━━━ Extracted entries ━━━
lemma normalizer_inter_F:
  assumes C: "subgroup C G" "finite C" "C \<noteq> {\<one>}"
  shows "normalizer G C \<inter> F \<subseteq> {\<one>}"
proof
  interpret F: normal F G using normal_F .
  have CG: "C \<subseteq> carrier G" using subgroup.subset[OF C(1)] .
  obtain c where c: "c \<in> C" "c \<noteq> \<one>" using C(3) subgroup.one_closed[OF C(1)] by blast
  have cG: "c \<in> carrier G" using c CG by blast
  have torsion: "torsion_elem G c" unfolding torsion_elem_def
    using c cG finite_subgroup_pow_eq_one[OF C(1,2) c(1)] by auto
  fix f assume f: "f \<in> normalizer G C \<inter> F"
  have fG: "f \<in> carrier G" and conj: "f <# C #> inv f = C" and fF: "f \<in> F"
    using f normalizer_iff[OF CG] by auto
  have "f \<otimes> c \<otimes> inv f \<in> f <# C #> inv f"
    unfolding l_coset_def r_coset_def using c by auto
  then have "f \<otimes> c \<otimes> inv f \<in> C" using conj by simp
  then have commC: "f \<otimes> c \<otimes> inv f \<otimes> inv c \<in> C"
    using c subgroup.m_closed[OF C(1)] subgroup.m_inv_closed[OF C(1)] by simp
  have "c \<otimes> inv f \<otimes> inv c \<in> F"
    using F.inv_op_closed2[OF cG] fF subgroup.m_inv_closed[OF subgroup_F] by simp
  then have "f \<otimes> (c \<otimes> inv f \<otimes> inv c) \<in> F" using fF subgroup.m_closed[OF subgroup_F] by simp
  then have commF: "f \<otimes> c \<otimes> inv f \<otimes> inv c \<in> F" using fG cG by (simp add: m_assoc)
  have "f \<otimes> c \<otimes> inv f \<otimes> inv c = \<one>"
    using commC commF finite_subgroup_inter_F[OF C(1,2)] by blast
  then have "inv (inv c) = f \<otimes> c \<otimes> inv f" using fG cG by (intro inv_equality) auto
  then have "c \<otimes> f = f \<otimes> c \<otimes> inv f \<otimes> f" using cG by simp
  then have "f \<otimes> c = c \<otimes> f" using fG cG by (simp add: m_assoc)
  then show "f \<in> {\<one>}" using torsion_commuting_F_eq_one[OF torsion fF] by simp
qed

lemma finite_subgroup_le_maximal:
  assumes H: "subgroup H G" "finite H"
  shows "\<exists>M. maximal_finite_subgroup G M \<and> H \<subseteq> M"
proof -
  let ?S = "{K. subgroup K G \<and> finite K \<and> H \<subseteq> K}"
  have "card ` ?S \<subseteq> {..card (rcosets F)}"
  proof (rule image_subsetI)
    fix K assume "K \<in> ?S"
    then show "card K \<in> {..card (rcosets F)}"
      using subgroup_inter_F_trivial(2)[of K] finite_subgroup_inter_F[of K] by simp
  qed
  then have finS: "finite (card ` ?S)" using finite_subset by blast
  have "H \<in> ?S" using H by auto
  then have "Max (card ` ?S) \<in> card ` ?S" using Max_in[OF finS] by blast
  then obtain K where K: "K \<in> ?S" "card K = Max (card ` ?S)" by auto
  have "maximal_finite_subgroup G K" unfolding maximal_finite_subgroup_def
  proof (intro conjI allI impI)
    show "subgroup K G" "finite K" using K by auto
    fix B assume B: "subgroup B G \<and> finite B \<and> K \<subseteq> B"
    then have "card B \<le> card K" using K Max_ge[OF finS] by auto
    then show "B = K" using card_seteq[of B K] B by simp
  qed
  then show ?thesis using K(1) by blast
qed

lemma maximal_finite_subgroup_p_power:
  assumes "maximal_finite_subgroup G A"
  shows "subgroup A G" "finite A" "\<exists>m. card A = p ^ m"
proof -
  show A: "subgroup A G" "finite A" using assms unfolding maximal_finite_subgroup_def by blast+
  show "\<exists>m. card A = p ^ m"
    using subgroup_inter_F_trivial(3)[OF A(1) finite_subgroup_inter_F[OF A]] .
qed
━━━
== What you should do ==
Output every record exactly as written, with nothing dropped.

== Response to the exercise ==
lemma normalizer_inter_F:
  assumes C: "subgroup C G" "finite C" "C \<noteq> {\<one>}"
  shows "normalizer G C \<inter> F \<subseteq> {\<one>}"
proof
  interpret F: normal F G using normal_F .
  have CG: "C \<subseteq> carrier G" using subgroup.subset[OF C(1)] .
  obtain c where c: "c \<in> C" "c \<noteq> \<one>" using C(3) subgroup.one_closed[OF C(1)] by blast
  have cG: "c \<in> carrier G" using c CG by blast
  have torsion: "torsion_elem G c" unfolding torsion_elem_def
    using c cG finite_subgroup_pow_eq_one[OF C(1,2) c(1)] by auto
  fix f assume f: "f \<in> normalizer G C \<inter> F"
  have fG: "f \<in> carrier G" and conj: "f <# C #> inv f = C" and fF: "f \<in> F"
    using f normalizer_iff[OF CG] by auto
  have "f \<otimes> c \<otimes> inv f \<in> f <# C #> inv f"
    unfolding l_coset_def r_coset_def using c by auto
  then have "f \<otimes> c \<otimes> inv f \<in> C" using conj by simp
  then have commC: "f \<otimes> c \<otimes> inv f \<otimes> inv c \<in> C"
    using c subgroup.m_closed[OF C(1)] subgroup.m_inv_closed[OF C(1)] by simp
  have "c \<otimes> inv f \<otimes> inv c \<in> F"
    using F.inv_op_closed2[OF cG] fF subgroup.m_inv_closed[OF subgroup_F] by simp
  then have "f \<otimes> (c \<otimes> inv f \<otimes> inv c) \<in> F" using fF subgroup.m_closed[OF subgroup_F] by simp
  then have commF: "f \<otimes> c \<otimes> inv f \<otimes> inv c \<in> F" using fG cG by (simp add: m_assoc)
  have "f \<otimes> c \<otimes> inv f \<otimes> inv c = \<one>"
    using commC commF finite_subgroup_inter_F[OF C(1,2)] by blast
  then have "inv (inv c) = f \<otimes> c \<otimes> inv f" using fG cG by (intro inv_equality) auto
  then have "c \<otimes> f = f \<otimes> c \<otimes> inv f \<otimes> f" using cG by simp
  then have "f \<otimes> c = c \<otimes> f" using fG cG by (simp add: m_assoc)
  then show "f \<in> {\<one>}" using torsion_commuting_F_eq_one[OF torsion fF] by simp
qed

lemma finite_subgroup_le_maximal:
  assumes H: "subgroup H G" "finite H"
  shows "\<exists>M. maximal_finite_subgroup G M \<and> H \<subseteq> M"
proof -
  let ?S = "{K. subgroup K G \<and> finite K \<and> H \<subseteq> K}"
  have "card ` ?S \<subseteq> {..card (rcosets F)}"
  proof (rule image_subsetI)
    fix K assume "K \<in> ?S"
    then show "card K \<in> {..card (rcosets F)}"
      using subgroup_inter_F_trivial(2)[of K] finite_subgroup_inter_F[of K] by simp
  qed
  then have finS: "finite (card ` ?S)" using finite_subset by blast
  have "H \<in> ?S" using H by auto
  then have "Max (card ` ?S) \<in> card ` ?S" using Max_in[OF finS] by blast
  then obtain K where K: "K \<in> ?S" "card K = Max (card ` ?S)" by auto
  have "maximal_finite_subgroup G K" unfolding maximal_finite_subgroup_def
  proof (intro conjI allI impI)
    show "subgroup K G" "finite K" using K by auto
    fix B assume B: "subgroup B G \<and> finite B \<and> K \<subseteq> B"
    then have "card B \<le> card K" using K Max_ge[OF finS] by auto
    then show "B = K" using card_seteq[of B K] B by simp
  qed
  then show ?thesis using K(1) by blast
qed

lemma maximal_finite_subgroup_p_power:
  assumes "maximal_finite_subgroup G A"
  shows "subgroup A G" "finite A" "\<exists>m. card A = p ^ m"
proof -
  show A: "subgroup A G" "finite A" using assms unfolding maximal_finite_subgroup_def by blast+
  show "\<exists>m. card A = p ^ m"
    using subgroup_inter_F_trivial(3)[OF A(1) finite_subgroup_inter_F[OF A]] .
qed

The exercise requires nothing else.